= Beginning of Section =

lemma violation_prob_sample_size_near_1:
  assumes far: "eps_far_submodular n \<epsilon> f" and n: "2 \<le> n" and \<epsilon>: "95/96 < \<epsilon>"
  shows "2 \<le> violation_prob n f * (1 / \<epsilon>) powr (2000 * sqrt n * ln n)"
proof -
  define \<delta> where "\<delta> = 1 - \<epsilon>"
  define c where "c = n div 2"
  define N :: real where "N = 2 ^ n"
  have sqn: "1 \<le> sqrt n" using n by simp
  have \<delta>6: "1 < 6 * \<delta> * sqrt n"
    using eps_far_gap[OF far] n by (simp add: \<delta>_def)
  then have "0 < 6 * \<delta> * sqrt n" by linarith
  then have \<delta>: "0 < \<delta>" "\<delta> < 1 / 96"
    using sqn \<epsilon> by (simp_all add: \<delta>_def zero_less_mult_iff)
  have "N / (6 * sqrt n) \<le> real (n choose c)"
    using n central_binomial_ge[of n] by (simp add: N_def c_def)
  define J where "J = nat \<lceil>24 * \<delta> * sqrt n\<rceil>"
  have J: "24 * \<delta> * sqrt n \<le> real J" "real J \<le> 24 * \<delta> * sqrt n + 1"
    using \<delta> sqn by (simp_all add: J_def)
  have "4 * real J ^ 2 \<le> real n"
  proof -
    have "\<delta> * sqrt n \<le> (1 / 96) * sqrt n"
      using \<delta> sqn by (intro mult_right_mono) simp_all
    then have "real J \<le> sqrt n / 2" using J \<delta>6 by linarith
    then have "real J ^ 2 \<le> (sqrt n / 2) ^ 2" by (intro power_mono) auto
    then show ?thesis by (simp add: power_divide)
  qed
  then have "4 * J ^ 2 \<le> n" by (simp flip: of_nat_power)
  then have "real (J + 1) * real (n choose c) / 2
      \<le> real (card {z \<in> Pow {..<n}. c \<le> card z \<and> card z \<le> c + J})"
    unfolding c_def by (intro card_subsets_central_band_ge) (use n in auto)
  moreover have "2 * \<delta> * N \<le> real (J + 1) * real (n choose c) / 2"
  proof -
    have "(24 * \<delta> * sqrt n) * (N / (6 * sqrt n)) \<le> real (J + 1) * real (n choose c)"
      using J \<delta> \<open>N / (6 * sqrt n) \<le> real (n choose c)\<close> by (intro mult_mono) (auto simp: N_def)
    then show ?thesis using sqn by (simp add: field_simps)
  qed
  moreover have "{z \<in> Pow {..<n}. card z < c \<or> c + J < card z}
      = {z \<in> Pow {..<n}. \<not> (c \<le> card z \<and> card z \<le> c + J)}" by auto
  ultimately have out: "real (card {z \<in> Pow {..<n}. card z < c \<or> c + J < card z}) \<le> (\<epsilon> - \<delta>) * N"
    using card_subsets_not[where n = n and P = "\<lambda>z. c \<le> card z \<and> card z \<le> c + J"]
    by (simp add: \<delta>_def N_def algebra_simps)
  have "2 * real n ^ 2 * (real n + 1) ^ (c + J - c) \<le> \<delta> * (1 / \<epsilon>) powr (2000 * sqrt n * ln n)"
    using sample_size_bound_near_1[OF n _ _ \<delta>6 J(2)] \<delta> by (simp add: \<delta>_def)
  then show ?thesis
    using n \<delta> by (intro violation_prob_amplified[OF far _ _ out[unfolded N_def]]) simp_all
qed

= End of Section =
= Beginning of Section =

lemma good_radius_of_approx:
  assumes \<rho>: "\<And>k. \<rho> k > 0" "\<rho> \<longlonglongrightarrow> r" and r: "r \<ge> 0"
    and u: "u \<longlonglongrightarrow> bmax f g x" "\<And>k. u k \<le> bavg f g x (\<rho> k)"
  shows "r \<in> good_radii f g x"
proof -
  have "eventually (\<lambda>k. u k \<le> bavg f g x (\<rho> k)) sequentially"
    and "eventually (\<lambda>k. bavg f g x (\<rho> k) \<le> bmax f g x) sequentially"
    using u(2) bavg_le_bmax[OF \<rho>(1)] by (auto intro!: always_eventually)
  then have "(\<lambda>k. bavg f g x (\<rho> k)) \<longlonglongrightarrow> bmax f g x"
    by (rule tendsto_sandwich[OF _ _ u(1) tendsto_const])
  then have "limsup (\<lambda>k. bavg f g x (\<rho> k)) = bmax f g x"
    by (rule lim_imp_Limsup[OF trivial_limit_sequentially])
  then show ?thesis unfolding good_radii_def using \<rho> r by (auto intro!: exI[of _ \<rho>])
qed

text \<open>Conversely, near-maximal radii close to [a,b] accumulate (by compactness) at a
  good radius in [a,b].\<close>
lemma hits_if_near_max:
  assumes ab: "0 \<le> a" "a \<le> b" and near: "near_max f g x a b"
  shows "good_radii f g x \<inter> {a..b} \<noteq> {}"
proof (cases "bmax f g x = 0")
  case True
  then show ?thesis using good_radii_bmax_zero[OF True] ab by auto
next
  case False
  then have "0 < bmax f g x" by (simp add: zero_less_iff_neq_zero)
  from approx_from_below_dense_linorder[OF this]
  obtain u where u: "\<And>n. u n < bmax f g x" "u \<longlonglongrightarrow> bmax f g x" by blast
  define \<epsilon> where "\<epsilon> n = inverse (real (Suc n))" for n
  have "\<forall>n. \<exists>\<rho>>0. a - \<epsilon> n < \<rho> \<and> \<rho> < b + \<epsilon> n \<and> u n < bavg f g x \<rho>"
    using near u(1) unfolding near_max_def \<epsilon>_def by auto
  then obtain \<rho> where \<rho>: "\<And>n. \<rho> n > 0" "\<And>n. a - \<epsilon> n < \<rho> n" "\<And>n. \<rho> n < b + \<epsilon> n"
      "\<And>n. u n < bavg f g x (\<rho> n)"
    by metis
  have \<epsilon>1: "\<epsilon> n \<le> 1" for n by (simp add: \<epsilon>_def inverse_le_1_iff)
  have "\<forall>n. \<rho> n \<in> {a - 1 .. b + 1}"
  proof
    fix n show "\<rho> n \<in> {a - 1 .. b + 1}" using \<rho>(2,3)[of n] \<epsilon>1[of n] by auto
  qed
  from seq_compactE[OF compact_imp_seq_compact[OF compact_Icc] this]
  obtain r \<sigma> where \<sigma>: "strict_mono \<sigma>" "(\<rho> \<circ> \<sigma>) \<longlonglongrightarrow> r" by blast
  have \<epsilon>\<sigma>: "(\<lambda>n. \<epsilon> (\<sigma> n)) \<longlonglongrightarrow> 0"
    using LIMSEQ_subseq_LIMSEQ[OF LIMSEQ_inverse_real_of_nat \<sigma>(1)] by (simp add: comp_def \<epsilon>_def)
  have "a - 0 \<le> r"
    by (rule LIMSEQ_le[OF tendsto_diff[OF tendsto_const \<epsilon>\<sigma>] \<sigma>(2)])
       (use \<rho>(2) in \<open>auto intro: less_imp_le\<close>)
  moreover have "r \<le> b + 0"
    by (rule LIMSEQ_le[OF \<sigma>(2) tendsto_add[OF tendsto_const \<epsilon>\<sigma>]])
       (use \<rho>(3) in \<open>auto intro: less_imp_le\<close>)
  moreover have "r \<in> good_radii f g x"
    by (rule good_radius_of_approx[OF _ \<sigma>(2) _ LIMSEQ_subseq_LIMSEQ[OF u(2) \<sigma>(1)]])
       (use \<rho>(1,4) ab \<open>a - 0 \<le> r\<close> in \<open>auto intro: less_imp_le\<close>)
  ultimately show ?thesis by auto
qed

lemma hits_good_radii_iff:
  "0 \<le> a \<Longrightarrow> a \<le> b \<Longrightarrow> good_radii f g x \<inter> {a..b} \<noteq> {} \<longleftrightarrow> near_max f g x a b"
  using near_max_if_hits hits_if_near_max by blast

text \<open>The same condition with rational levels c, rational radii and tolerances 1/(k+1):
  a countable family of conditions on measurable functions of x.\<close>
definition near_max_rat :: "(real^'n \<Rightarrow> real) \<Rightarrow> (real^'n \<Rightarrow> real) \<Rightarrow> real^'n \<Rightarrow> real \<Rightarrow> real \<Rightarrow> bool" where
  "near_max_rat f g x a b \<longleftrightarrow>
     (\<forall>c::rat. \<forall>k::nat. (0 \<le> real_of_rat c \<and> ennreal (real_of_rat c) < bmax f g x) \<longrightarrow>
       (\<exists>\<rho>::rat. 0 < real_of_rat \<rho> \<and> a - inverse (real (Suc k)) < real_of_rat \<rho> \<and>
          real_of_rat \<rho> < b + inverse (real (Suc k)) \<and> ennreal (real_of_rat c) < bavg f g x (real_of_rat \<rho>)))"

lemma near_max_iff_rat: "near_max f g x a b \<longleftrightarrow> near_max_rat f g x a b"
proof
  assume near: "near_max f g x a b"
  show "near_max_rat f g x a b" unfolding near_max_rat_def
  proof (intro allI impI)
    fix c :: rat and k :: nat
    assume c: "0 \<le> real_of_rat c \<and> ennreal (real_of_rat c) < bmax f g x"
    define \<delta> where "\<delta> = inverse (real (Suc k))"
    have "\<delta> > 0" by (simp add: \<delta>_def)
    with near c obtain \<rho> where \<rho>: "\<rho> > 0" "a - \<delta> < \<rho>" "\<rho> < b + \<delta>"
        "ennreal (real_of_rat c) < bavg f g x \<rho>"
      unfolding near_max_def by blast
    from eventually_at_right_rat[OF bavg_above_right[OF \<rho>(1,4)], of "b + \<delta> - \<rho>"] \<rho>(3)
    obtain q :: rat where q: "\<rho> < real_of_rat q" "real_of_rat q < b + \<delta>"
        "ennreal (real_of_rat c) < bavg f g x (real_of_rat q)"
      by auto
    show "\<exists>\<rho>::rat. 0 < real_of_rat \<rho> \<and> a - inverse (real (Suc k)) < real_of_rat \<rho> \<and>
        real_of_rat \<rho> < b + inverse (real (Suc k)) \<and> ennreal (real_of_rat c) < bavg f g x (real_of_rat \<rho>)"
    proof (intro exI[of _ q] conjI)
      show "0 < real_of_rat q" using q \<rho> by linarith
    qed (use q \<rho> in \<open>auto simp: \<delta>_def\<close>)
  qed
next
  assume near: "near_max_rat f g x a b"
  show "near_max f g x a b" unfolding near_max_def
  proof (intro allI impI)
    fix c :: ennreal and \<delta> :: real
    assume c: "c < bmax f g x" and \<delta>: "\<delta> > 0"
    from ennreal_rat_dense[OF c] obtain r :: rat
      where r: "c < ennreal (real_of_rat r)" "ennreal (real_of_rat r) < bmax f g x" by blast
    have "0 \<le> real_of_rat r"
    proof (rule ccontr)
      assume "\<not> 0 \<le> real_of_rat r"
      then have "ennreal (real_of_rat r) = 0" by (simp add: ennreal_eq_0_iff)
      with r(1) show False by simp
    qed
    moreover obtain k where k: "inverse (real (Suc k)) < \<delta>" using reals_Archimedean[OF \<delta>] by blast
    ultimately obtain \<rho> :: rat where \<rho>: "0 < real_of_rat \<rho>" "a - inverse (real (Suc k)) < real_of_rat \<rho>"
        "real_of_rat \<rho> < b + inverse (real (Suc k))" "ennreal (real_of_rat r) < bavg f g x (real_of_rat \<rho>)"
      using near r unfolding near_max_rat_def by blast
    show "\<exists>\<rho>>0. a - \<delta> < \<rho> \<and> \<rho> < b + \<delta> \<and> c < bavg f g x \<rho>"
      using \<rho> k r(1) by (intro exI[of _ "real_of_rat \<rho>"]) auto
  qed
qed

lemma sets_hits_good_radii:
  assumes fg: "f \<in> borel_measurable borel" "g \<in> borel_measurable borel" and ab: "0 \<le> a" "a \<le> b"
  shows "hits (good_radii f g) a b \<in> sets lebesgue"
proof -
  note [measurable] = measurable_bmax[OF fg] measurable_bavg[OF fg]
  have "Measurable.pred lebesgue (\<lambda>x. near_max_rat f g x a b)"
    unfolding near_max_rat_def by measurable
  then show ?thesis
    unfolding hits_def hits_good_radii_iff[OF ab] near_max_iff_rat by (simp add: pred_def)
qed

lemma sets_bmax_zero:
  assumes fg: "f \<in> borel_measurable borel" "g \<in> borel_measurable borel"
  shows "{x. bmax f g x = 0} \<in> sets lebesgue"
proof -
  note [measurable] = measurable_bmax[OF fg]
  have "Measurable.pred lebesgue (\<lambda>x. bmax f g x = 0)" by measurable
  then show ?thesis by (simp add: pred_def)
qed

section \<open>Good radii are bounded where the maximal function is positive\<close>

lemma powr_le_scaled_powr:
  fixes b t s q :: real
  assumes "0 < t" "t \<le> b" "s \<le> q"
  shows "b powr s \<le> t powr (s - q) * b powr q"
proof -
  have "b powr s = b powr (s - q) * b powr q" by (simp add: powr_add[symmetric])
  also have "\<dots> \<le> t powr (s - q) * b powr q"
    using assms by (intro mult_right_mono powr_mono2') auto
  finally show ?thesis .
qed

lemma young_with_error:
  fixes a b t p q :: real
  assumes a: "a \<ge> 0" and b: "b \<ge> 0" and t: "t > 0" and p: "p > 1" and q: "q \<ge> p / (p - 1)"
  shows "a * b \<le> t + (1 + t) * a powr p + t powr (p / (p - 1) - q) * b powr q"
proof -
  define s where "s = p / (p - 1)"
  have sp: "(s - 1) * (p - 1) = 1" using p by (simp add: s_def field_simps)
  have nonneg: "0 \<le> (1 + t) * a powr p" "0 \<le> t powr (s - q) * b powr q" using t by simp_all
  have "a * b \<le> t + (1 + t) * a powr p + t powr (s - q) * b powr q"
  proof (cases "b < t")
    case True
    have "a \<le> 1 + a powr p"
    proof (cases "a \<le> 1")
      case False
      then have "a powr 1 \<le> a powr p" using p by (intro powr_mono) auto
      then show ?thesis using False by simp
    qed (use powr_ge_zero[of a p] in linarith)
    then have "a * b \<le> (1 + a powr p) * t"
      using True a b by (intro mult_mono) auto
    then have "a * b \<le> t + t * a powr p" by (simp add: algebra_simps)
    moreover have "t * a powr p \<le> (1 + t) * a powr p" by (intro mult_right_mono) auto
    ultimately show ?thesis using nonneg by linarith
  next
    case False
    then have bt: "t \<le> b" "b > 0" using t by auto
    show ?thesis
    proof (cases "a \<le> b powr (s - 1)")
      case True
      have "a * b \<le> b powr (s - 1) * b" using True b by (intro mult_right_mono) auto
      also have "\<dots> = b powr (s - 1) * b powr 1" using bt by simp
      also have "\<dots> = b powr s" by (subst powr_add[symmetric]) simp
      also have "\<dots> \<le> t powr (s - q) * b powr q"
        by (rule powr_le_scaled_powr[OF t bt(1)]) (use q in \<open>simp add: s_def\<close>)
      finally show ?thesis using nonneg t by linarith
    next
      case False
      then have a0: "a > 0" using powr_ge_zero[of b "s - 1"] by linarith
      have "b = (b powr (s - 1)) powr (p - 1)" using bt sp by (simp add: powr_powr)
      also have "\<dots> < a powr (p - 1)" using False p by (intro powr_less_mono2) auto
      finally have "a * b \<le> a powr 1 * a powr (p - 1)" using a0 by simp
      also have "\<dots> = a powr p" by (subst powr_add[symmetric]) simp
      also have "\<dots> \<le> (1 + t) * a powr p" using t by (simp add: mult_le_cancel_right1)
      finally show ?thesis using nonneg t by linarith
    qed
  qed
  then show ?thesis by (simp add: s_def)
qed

= End of Section =

## AIM OF THE EXERCISE
An exact copy of the lines above between the line holding "sqrt n \<le> (1" and the line holding "(simp flip: of_nat_power)", inclusive, is the whole answer.

## SOLUTION FOR THIS EXERCISE
    have "\<delta> * sqrt n \<le> (1 / 96) * sqrt n"
      using \<delta> sqn by (intro mult_right_mono) simp_all
    then have "real J \<le> sqrt n / 2" using J \<delta>6 by linarith
    then have "real J ^ 2 \<le> (sqrt n / 2) ^ 2" by (intro power_mono) auto
    then show ?thesis by (simp add: power_divide)
  qed
  then have "4 * J ^ 2 \<le> n" by (simp flip: of_nat_power)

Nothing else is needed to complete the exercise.